**Exercise objective**
Would you please transcribe, exactly as written, the lines of the entries below starting at the one that holds "using card_mono[OF \<open>finite" and ending at the one that holds "cs\<close> by blast", both included?

START Raw data

text \<open>Fewer than 2|V| arcs leave room for at most one cycle through all of V.\<close>
lemma balanced_head_weight_0_or_sum:
  fixes w :: "'a \<Rightarrow> 'g::ab_group_add"
  assumes short: "\<forall>cs. directed_cycle A cs \<and> length cs < card V \<longrightarrow> sum w (set cs) = 0"
    and "finite V"
  shows "balanced F \<Longrightarrow> set_mset F \<subseteq> A \<Longrightarrow> fst ` set_mset F \<subseteq> V \<Longrightarrow> size F < 2 * card V \<Longrightarrow>
    head_weight w F = 0 \<or> head_weight w F = sum w V"
proof (induction "size F" arbitrary: F rule: less_induct)
  case less
  show ?case
  proof (cases "F = {#}")
    case False
    then obtain cs where cs: "directed_cycle (set_mset F) cs"
      using balanced_has_cycle less.prems(1) by blast
    let ?F' = "F - mset (cycle_arcs cs)"
    note remove = balanced_remove_cycle[OF less.prems(1) cs]
    have "cs \<noteq> []" "distinct cs" "set (cycle_arcs cs) \<subseteq> set_mset F"
      using cs by (simp_all add: directed_cycle_iff)
    have "directed_cycle A cs" using cs less.prems(2) by (rule directed_cycle_mono)
    have F': "balanced ?F'" "set_mset ?F' \<subseteq> A" "fst ` set_mset ?F' \<subseteq> V"
      using remove(1) less.prems(2,3) by (auto dest: in_diffD)
    have "set cs = fst ` set (cycle_arcs cs)" by (metis map_fst_cycle_arcs set_map)
    then have "set cs \<subseteq> V"
      using \<open>set (cycle_arcs cs) \<subseteq> set_mset F\<close> less.prems(3) by blast
    then have "length cs \<le> card V"
      using card_mono[OF \<open>finite V\<close>] distinct_card[OF \<open>distinct cs\<close>] by metis
    show ?thesis
    proof (cases "length cs < card V")
      case True
      then have "sum w (set cs) = 0" using short \<open>directed_cycle A cs\<close> by blast
      moreover have "size ?F' < size F" using remove(2) \<open>cs \<noteq> []\<close> by (cases cs) auto
      then have "head_weight w ?F' = 0 \<or> head_weight w ?F' = sum w V"
        using less.hyps[OF _ F'] less.prems(4) by simp
      ultimately show ?thesis using remove(3)[of w] by auto
    next
      case False
      then have "set cs = V"
        using \<open>length cs \<le> card V\<close> \<open>set cs \<subseteq> V\<close> \<open>finite V\<close> distinct_card[OF \<open>distinct cs\<close>]
        by (simp add: card_subset_eq)
      moreover have "size ?F' < card V"
        using remove(2) \<open>set cs = V\<close> less.prems(4) distinct_card[OF \<open>distinct cs\<close>] by simp
      then have "head_weight w ?F' = 0" using balanced_head_weight_eq_0[OF short F'(1,2)] by blast
      ultimately show ?thesis using remove(3)[of w] by simp
    qed
  qed simp
qed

END Raw data

**Task answer**
      using card_mono[OF \<open>finite V\<close>] distinct_card[OF \<open>distinct cs\<close>] by metis
    show ?thesis
    proof (cases "length cs < card V")
      case True
      then have "sum w (set cs) = 0" using short \<open>directed_cycle A cs\<close> by blast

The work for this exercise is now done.